Summary: I have some minor concerns about this document that I think should be 
resolved before publication.

Comments:

The draft is readable per se but the subject matter, Optimized Inter-Subnet 
Multicast,
is quite complex. The draft covers the mechanisms and procedures for multicast
advertisement and forwarding between tenant-BDs. Additionally, a single line in 
the
abstract includes procedures to accommodate multicast traffic external to the 
tenant
domain results in very dense specification of various interworking with other 
multicast
domains. These interworking scenarios build on the OISM gateway functionality 
specified
early in the document. The cascaded complexity probably explains the number of 
directorate
members who declined the review request. Given the complexity, this is a 
document that
could really benefit from implementation experience.

Major Issues: None

Minor Issues:

   1. The concept of multicast packets and, in some cases, advertisements being 
sent
      "Up" or "Down" the IRB interface seemed confusing to me. I'd of thought 
the IRB
      interfaces would be described in terms of transmission or reception by 
the IRB
      L3 Routing instance. In any case, the usage must be described in the 
terminology
     section is not intuitive even though one can reverse engineer what is 
meant.

Zzh> An IRB interface connects a bridge domain (L2) to an IP routing instance 
(L3). Therefore, we use the up/down to indicate if traffic is up towards the L3 
or down towards L2. I’ve added the following paragraph in section “1.1.2.  
Inter-BD (Inter-Subnet) IP Traffic” where IRB interface was firs mentioned in 
the document:

                                           In this document, when traffic is 
routed out of an IRB interface,
                                           we say it is sent down the IRB 
interface to the BD that the IRB is
                                           for. In the other direction, traffic 
is sent up the IRB interface
                                           from the BD to the L3 routing 
instance.

That’s better. I was wondering why the IRB interface wasn’t conceptually an L3 
routing instance interface and
“sent down” would be “transmitted” and “sent up” would be “received”. This 
would be a cleaner abstraction to
me. However, I must admit I only read Appendix A and not RFC 9135.


   2. The Section 6 interworking scenarios could benefit from some ASCII art for
       visual reference of the various gateway and domain scenarios.

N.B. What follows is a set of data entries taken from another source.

lemma gauss_vec_linear_distributed:
  assumes "\<exists>i<d. c i \<noteq> 0"
  shows "distributed (gauss_vec d) lborel (\<lambda>g. \<Sum>i<d. c i * g i)
           (normal_density 0 (sqrt (\<Sum>i<d. (c i)\<^sup>2)))"
proof -
  interpret prob_space "gauss_vec d" by (rule prob_space_gauss_vec)
  define J where "J = {i. i < d \<and> c i \<noteq> 0}"
  have J: "finite J" "J \<noteq> {}" "J \<subseteq> {..<d}"
    using assms by (auto simp: J_def)
  have "indep_vars (\<lambda>_. std_normal_distribution) (\<lambda>i g. g i) {..<d}"
    using indep_vars_PiM_coordinates[of "{..<d}" "\<lambda>_. std_normal_distribution"]
    by (simp add: gauss_vec_def prob_space_normal_density)
  then have "indep_vars (\<lambda>_. std_normal_distribution) (\<lambda>i g. g i) J"
    using J(3) by (rule indep_vars_subset)
  then have "indep_vars (\<lambda>_. borel) (\<lambda>i g. c i * g i) J"
    by (rule indep_vars_compose2[where Y = "\<lambda>i x. c i * x"]) (auto cong: measurable_cong_sets)
  moreover have "distributed (gauss_vec d) lborel (\<lambda>g. c i * g i) (normal_density 0 \<bar>c i\<bar>)"
    if "i \<in> J" for i
    using normal_density_affine[OF gauss_vec_coordinate_distributed, of i "c i" 0] that
    by (auto simp: J_def)
  ultimately have "distributed (gauss_vec d) lborel (\<lambda>g. \<Sum>i\<in>J. c i * g i)
      (normal_density 0 (sqrt (\<Sum>i\<in>J. \<bar>c i\<bar>\<^sup>2)))"
    using sum_indep_normal[OF J(1,2), of _ "\<lambda>i. \<bar>c i\<bar>" "\<lambda>_. 0"] by (simp add: J_def)
  moreover have "(\<Sum>i\<in>J. f i) = (\<Sum>i<d. f i)" if "\<And>i. c i = 0 \<Longrightarrow> f i = 0" for f :: "nat \<Rightarrow> real"
    using that by (intro sum.mono_neutral_left) (auto simp: J_def)
  ultimately show ?thesis by simp
qed
lemma DERIV_if_le:
  fixes g h :: "real \<Rightarrow> real"
  assumes g: "\<And>x. (g has_real_derivative g' x) (at x)" and h: "\<And>x. (h has_real_derivative h' x) (at x)"
    and "g a = h a" "g' a = h' a"
  shows "((\<lambda>x. if x \<le> a then g x else h x) has_real_derivative (if x \<le> a then g' x else h' x)) (at x)"
proof (cases x a rule: linorder_cases)
  case less
  show ?thesis
    by (rule has_field_derivative_transform_within_open[of g _ x "{..<a}"]) (use less g[of x] in auto)
next
  case equal
  show ?thesis
    using DERIV_if_le_at_breakpoint[OF g[of a], of h] h[of a] assms(3,4) equal by simp
next
  case greater
  show ?thesis
    by (rule has_field_derivative_transform_within_open[of h _ x "{a<..}"]) (use greater h[of x] in auto)
qed

definition cutoff :: "real \<Rightarrow> real \<Rightarrow> real" where
  "cutoff c x = (if x \<le> c then x else c + (x - c) * exp (- ((x - c)^2)))"

definition cutoff' :: "real \<Rightarrow> real \<Rightarrow> real" where
  "cutoff' c x = (if x \<le> c then 1 else (1 - 2 * (x - c)^2) * exp (- ((x - c)^2)))"

definition cutoff'' :: "real \<Rightarrow> real \<Rightarrow> real" where
  "cutoff'' c x = (if x \<le> c then 0 else (4 * (x - c)^3 - 6 * (x - c)) * exp (- ((x - c)^2)))"

lemma has_real_derivative_cutoff: "(cutoff c has_real_derivative cutoff' c x) (at x)"
  unfolding cutoff_def[abs_def] cutoff'_def
  apply (rule DERIV_if_le)
     apply (auto intro!: derivative_eq_intros)
  apply (simp add: algebra_simps power2_eq_square)
  done

lemma has_real_derivative_cutoff': "(cutoff' c has_real_derivative cutoff'' c x) (at x)"
  unfolding cutoff'_def[abs_def] cutoff''_def
  apply (rule DERIV_if_le)
     apply (auto intro!: derivative_eq_intros)
  apply (simp add: algebra_simps power2_eq_square power3_eq_cube)
  done

lemma isCont_cutoff'': "isCont (cutoff'' c) x"
proof -
  let ?p = "\<lambda>x. (4 * (x - c)^3 - 6 * (x - c)) * exp (- ((x - c)^2))"
  have "isCont (\<lambda>x. if x \<le> c then 0 else ?p x) x"
  proof (cases x c rule: linorder_cases)
    case less
    have "eventually (\<lambda>y. y \<in> {..<c}) (nhds x)"
      by (rule eventually_nhds_in_open) (use less in auto)
    then have "eventually (\<lambda>y. (if y \<le> c then 0 else ?p y) = 0) (nhds x)"
      by eventually_elim auto
    then show ?thesis by (subst isCont_cong) auto
  next
    case equal
    show ?thesis unfolding equal
      by (rule isCont_If_ge) (auto intro!: tendsto_eq_intros)
  next
    case greater
    have "eventually (\<lambda>y. y \<in> {c<..}) (nhds x)"
      by (rule eventually_nhds_in_open) (use greater in auto)
    then have "eventually (\<lambda>y. (if y \<le> c then 0 else ?p y) = ?p y) (nhds x)"
      by eventually_elim auto
    moreover have "isCont ?p x" by (intro continuous_intros)
    ultimately show ?thesis by (subst isCont_cong) auto
  qed
  then show ?thesis unfolding cutoff''_def[abs_def] .
qed

lemma exp_neg_mult_square_le_1:
  fixes v :: real
  assumes "v \<ge> 0"
  shows "exp (- v) * (1 + v/2)^2 \<le> 1"
proof -
  have "(1 + v/2)^2 \<le> exp (v/2)^2"
    using assms exp_ge_add_one_self[of "v/2"] by (intro power_mono) auto
  also have "\<dots> = exp v" by (simp add: power2_eq_square flip: exp_add)
  finally show ?thesis by (simp add: mult.commute pos_divide_le_eq exp_minus field_simps)
qed

lemma mult_exp_neg_square_le_1: "(u::real) * exp (- (u^2)) \<le> 1"
proof -
  have v: "u^2 \<ge> 0" by simp
  have "u \<le> 1 + u^2/2" using zero_le_power2[of "u - 1"] by (simp add: power2_diff)
  also have "\<dots> \<le> (1 + u^2/2)^2" by (rule self_le_power) simp_all
  finally have "u * exp (- (u^2)) \<le> exp (- (u^2)) * (1 + u^2/2)^2"
    by (simp add: mult.commute)
  also have "\<dots> \<le> 1" by (rule exp_neg_mult_square_le_1[OF v])
  finally show ?thesis .
qed

lemma cutoff_le: "cutoff c x \<le> x"
proof (cases "x \<le> c")
  case False
  then have "(x - c) * exp (- ((x - c)^2)) \<le> x - c" by (intro mult_left_le) auto
  then show ?thesis by (simp add: cutoff_def)
qed (simp add: cutoff_def)

lemma cutoff_le_plus_1: "cutoff c x \<le> c + 1"
  using mult_exp_neg_square_le_1[of "x - c"] by (auto simp: cutoff_def)

lemma cutoff_ge: "x > c \<Longrightarrow> cutoff c x \<ge> c"
  by (simp add: cutoff_def)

Zzh> I have added the following figure:



                     src1                       rcvr1
                     |                          |
                     R1           RP            R2

                               PIM/MVPN
                                domain
                    +---+                      +---+
               -----|GW1|----------------------|GW2|----
                    +---+                      +---+
                     | \ \                    / / |
                     |  \ \                  / /  |
                   BD1 BD2 SBD            SBD BD2 BD1

                              EVPN Domain

                           SBD            SBD
                          /                  \
                         /                    \
                    +---+                      +---+
                    |PE1|                      |PE2|
                    +---+                      +---+
                     | \                       / |
                    BD1 BD2                  BD2 BD1
                     |   |                    |  |
                    src2 rcvr2              src3 rcvr3


Thanks – This is instructive. The specification is very dense in terms of the
interoperability (section 5) and external traffic (section 6). These use cases 
could also benefit
from a picture as well. However, this would be a lot to add in a last call 
review. Perhaps, this
this better addressed in vendor white papers and documentation when the various 
use cases
are supported.


   3. Since this is Last Call review, it seems references to topics that may be
      covered in future revisions of the draft should be removed.

Zzh> I fixed two such topics to say “may be specified in separate documents”.

Thanks.

   4. In section 4.1.1, why are ACs that are not using IGMP/MLD automatically
      added to the OIF list for all flows? I'd think an administrator would 
have to
      run IGMP/MLD on ACs on which multicast traffic is desired.

Zzh> For a L2 switch, by default multicast is handled as broadcast – flooded 
everywhere – unless IGMP/MLD snooping is used. I added “snooping” in the 
paragraph:

   An EVPN-PE may run IGMP/MLD snooping procedures on each of its ACs, in order
   to determine the set of flows of interest to each AC.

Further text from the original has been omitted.